ABOUT THIS BOOK | AUTHOR BIOGRAPHY
ABOUT THIS BOOK
As a network that claims to represent the nation, NPR asserts unique claims about what it means to be American. In The Sound of Exclusion, Christopher Chávez critically examines how National Public Radio conceptualizes the Latinx listener, arguing that NPR employs a number of industry practices that secure its position as a white public space while relegating Latinx listeners to the periphery. These practices are tied to a larger cultural logic. Latinx identity is differentiated from national identity, which can be heard through NPR’s cultivation of an idealized dialect, situating whiteness at its center.
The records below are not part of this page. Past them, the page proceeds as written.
(* Let $\mathcal H$ be a separable Hilbert space and $\mathcal K$ a Hilbert space of finite dimension $d$ with orthonormal basis $\{|n\rangle\}_{n=1}^d$. A channel $\mathcal F\in\mathcal C(\mathcal K;\mathcal H)$ lies on the boundary $\partial\mathcal C(\mathcal K;\mathcal H)$ if and only if its Choi operator $$E(\mathcal F)=d\sum_{m,n=1}^d|m\rangle\langle n|\otimes\mathcal F(|m\rangle\langle n|)\in\mathcal L(\mathcal K\otimes\mathcal H)$$ has $0$ in its spectrum.
   Context: $\mathcal C(\mathcal K;\mathcal H)$ denotes the convex set of normal unital completely positive linear maps $\mathcal L(\mathcal K)\to\mathcal L(\mathcal H)$ (channels in the Heisenberg picture). For elements of a convex set $Z$, $x\leq_C y$ means $y=tx+(1-t)z$ for some $z\in Z$ and $0<t\leq 1$; the boundary $\partial Z$ is the set of $y\in Z$ for which some $x\in Z$ has $x\not\leq_C y$. *)

theory Defs
  imports "HOL-Analysis.Analysis" "HOL-Library.Complex_Order"
begin

class complex_hilbert = real_normed_vector + complete_space +
  fixes scaleC :: "complex \<Rightarrow> 'a \<Rightarrow> 'a" (infixr \<open>*\<^sub>C\<close> 75)
    and cinner :: "'a \<Rightarrow> 'a \<Rightarrow> complex"
  assumes scaleC_add_right: "a *\<^sub>C (x + y) = a *\<^sub>C x + a *\<^sub>C y"
    and scaleC_add_left: "(a + b) *\<^sub>C x = a *\<^sub>C x + b *\<^sub>C x"
    and scaleC_scaleC: "a *\<^sub>C (b *\<^sub>C x) = (a * b) *\<^sub>C x"
    and scaleC_one: "1 *\<^sub>C x = x"
    and scaleR_scaleC: "r *\<^sub>R x = complex_of_real r *\<^sub>C x"
    and cinner_commute: "cinner y x = cnj (cinner x y)"
    and cinner_add_right: "cinner x (y + z) = cinner x y + cinner x z"
    and cinner_scaleC_right: "cinner x (a *\<^sub>C y) = a * cinner x y"
    and cinner_ge_zero: "0 \<le> Re (cinner x x)"
    and cinner_eq_zero_iff: "cinner x x = 0 \<longleftrightarrow> x = 0"
    and norm_eq_sqrt_cinner: "norm x = sqrt (Re (cinner x x))"

instantiation complex :: complex_hilbert
begin
definition scaleC_complex :: "complex \<Rightarrow> complex \<Rightarrow> complex" where
  "scaleC_complex a x = a * x"
definition cinner_complex :: "complex \<Rightarrow> complex \<Rightarrow> complex" where
  "cinner_complex x y = cnj x * y"
instance
proof
  fix x y z a b :: complex and r :: real
  show "a *\<^sub>C (x + y) = a *\<^sub>C x + a *\<^sub>C y" by (simp add: scaleC_complex_def algebra_simps)
  show "(a + b) *\<^sub>C x = a *\<^sub>C x + b *\<^sub>C x" by (simp add: scaleC_complex_def algebra_simps)
  show "a *\<^sub>C (b *\<^sub>C x) = (a * b) *\<^sub>C x" by (simp add: scaleC_complex_def algebra_simps)
  show "1 *\<^sub>C x = x" by (simp add: scaleC_complex_def)
  show "r *\<^sub>R x = complex_of_real r *\<^sub>C x" by (simp add: scaleC_complex_def scaleR_conv_of_real)
  show "cinner y x = cnj (cinner x y)" by (simp add: cinner_complex_def mult.commute)
  show "cinner x (y + z) = cinner x y + cinner x z" by (simp add: cinner_complex_def algebra_simps)
  show "cinner x (a *\<^sub>C y) = a * cinner x y" by (simp add: cinner_complex_def scaleC_complex_def algebra_simps)
  show "0 \<le> Re (cinner x x)" by (simp add: cinner_complex_def)
  show "(cinner x x = 0) = (x = 0)" by (simp add: cinner_complex_def)
  show "norm x = sqrt (Re (cinner x x))"
    by (simp add: cinner_complex_def cmod_def power2_eq_square)
qed
end

text \<open>Finite orthogonal direct sums \<open>'a^'n\<close> (this models \<open>\<complex>^d \<otimes> H \<cong> H^d\<close>,
and \<open>complex^'n\<close> models \<open>\<complex>^d\<close>); the norm of \<open>vec\<close> is already the \<open>\<ell>\<^sup>2\<close> norm.\<close>

instantiation vec :: (complex_hilbert, finite) complex_hilbert
begin
definition scaleC_vec :: "complex \<Rightarrow> 'a^'b \<Rightarrow> 'a^'b" where
  "scaleC_vec a x = (\<chi> i. a *\<^sub>C (x $ i))"
definition cinner_vec :: "'a^'b \<Rightarrow> 'a^'b \<Rightarrow> complex" where
  "cinner_vec x y = (\<Sum>i\<in>UNIV. cinner (x $ i) (y $ i))"
instance
proof
  fix x y z :: "'a^'b" and a b :: complex and r :: real
  show "a *\<^sub>C (x + y) = a *\<^sub>C x + a *\<^sub>C y"
    by (simp add: scaleC_vec_def vec_eq_iff scaleC_add_right)
  show "(a + b) *\<^sub>C x = a *\<^sub>C x + b *\<^sub>C x"
    by (simp add: scaleC_vec_def vec_eq_iff scaleC_add_left)
  show "a *\<^sub>C (b *\<^sub>C x) = (a * b) *\<^sub>C x"
    by (simp add: scaleC_vec_def vec_eq_iff scaleC_scaleC)
  show "1 *\<^sub>C x = x" by (simp add: scaleC_vec_def vec_eq_iff scaleC_one)
  show "r *\<^sub>R x = complex_of_real r *\<^sub>C x"
    by (simp add: scaleC_vec_def vec_eq_iff scaleR_scaleC)
  show "cinner y x = cnj (cinner x y)"
    by (simp add: cinner_vec_def cinner_commute[of "y $ i" "x $ i" for i])
  show "cinner x (y + z) = cinner x y + cinner x z"
    by (simp add: cinner_vec_def cinner_add_right sum.distrib)
  show "cinner x (a *\<^sub>C y) = a * cinner x y"
    by (simp add: cinner_vec_def scaleC_vec_def cinner_scaleC_right sum_distrib_left)
  show "0 \<le> Re (cinner x x)"
    by (simp add: cinner_vec_def sum_nonneg cinner_ge_zero)
  have re: "Re (cinner x x) = (\<Sum>i\<in>UNIV. (norm (x $ i))\<^sup>2)"
    by (simp add: cinner_vec_def norm_eq_sqrt_cinner cinner_ge_zero)
  show "norm x = sqrt (Re (cinner x x))"
    by (simp add: re norm_vec_def L2_set_def)
  have im: "Im (cinner (x $ i) (x $ i)) = 0" for i
    using cinner_commute[of "x $ i" "x $ i"] by (metis cnj.simps(2) neg_equal_zero)
  show "(cinner x x = 0) = (x = 0)"
  proof
    assume "cinner x x = 0"
    then have "(\<Sum>i\<in>UNIV. (norm (x $ i))\<^sup>2) = 0" using re by simp
    then have "\<forall>i. (norm (x $ i))\<^sup>2 = 0" by (simp add: sum_nonneg_eq_0_iff)
    then show "x = 0" by (simp add: vec_eq_iff)
  next
    assume "x = 0"
    then show "cinner x x = 0"
      by (simp add: cinner_vec_def cinner_eq_zero_iff)
  qed
qed
end

definition bounded_op :: "('a::complex_hilbert \<Rightarrow> 'b::complex_hilbert) \<Rightarrow> bool" where
  "bounded_op T \<longleftrightarrow> bounded_linear T \<and> (\<forall>c x. T (c *\<^sub>C x) = c *\<^sub>C T x)"

definition op_spectrum :: "('a::complex_hilbert \<Rightarrow> 'a) \<Rightarrow> complex set" where
  "op_spectrum T = {z. \<not> (\<exists>S. bounded_op S \<and>
       (\<forall>x. S (T x - z *\<^sub>C x) = x) \<and> (\<forall>x. T (S x) - z *\<^sub>C S x = x))}"

text \<open>Complete positivity: for every \<open>k\<close>, \<open>id\<^sub>k \<otimes> F\<close> maps positive block matrices
\<open>[M\<^sub>i\<^sub>j]\<^sub>i\<^sub>,\<^sub>j\<^sub><\<^sub>k\<close> over \<open>\<L>(\<K>)\<close> to positive block operators \<open>[F(M\<^sub>i\<^sub>j)]\<close> on \<open>\<H>^k\<close>.\<close>

definition completely_positive ::
    "(complex^'n^'n \<Rightarrow> 'a::complex_hilbert \<Rightarrow> 'a) \<Rightarrow> bool" where
  "completely_positive F \<longleftrightarrow>
     (\<forall>(k::nat) (M :: nat \<Rightarrow> nat \<Rightarrow> complex^'n^'n).
        (\<forall>v :: nat \<Rightarrow> complex^'n.
            0 \<le> (\<Sum>i<k. \<Sum>j<k. cinner (v i) (M i j *v v j))) \<longrightarrow>
        (\<forall>h :: nat \<Rightarrow> 'a.
            0 \<le> (\<Sum>i<k. \<Sum>j<k. cinner (h i) (F (M i j) (h j)))))"

text \<open>Channels in the Heisenberg picture: linear, bounded-operator valued, unital,
completely positive maps. (Normality is automatic since \<open>\<L>(\<K>)\<close> is finite dimensional.)\<close>

definition channels :: "(complex^'n^'n \<Rightarrow> 'a::complex_hilbert \<Rightarrow> 'a) set" where
  "channels = {F.
      (\<forall>A B. F (A + B) = (\<lambda>x. F A x + F B x)) \<and>
      (\<forall>c A. F (c *\<^sub>C A) = (\<lambda>x. c *\<^sub>C F A x)) \<and>
      (\<forall>A. bounded_op (F A)) \<and>
      F (mat 1) = (\<lambda>x. x) \<and>
      completely_positive F}"

definition chan_comb :: "real \<Rightarrow> (complex^'n^'n \<Rightarrow> 'a::complex_hilbert \<Rightarrow> 'a)
     \<Rightarrow> (complex^'n^'n \<Rightarrow> 'a \<Rightarrow> 'a) \<Rightarrow> (complex^'n^'n \<Rightarrow> 'a \<Rightarrow> 'a)" where
  "chan_comb t F G = (\<lambda>A x. complex_of_real t *\<^sub>C F A x + complex_of_real (1 - t) *\<^sub>C G A x)"

definition conv_le :: "(complex^'n^'n \<Rightarrow> 'a::complex_hilbert \<Rightarrow> 'a) set
     \<Rightarrow> (complex^'n^'n \<Rightarrow> 'a \<Rightarrow> 'a) \<Rightarrow> (complex^'n^'n \<Rightarrow> 'a \<Rightarrow> 'a) \<Rightarrow> bool" where
  "conv_le Z x y \<longleftrightarrow> (\<exists>z\<in>Z. \<exists>t::real. 0 < t \<and> t \<le> 1 \<and> y = chan_comb t x z)"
Pushing Latinx listeners to the edges of public radio has crucial implications for Latinx participation in civic discourses, as identifying who to include in the “public” audience necessarily involves a process of exclusion.

Chávez analyzes NPR as a historical product that has evolved alongside significant changes in technology, industry practice, and demography. In The Sound of Exclusion, Chávez asks these pressing questions: What kind of news organization was NPR intended to be? What has it become over time? In what ways is it evolving to meet the needs of a nation, in which U.S. Latinxs are becoming an increasingly larger portion of the American public that NPR serves? Informed by more than fifty in-depth interviews conducted with public radio practitioners from all aspects of the business, Chávez addresses how power is enacted in everyday broadcast practices. By interrogating industry practices, we might begin to reimagine NPR as a public good that serves the broad and diverse spectrum of the American public.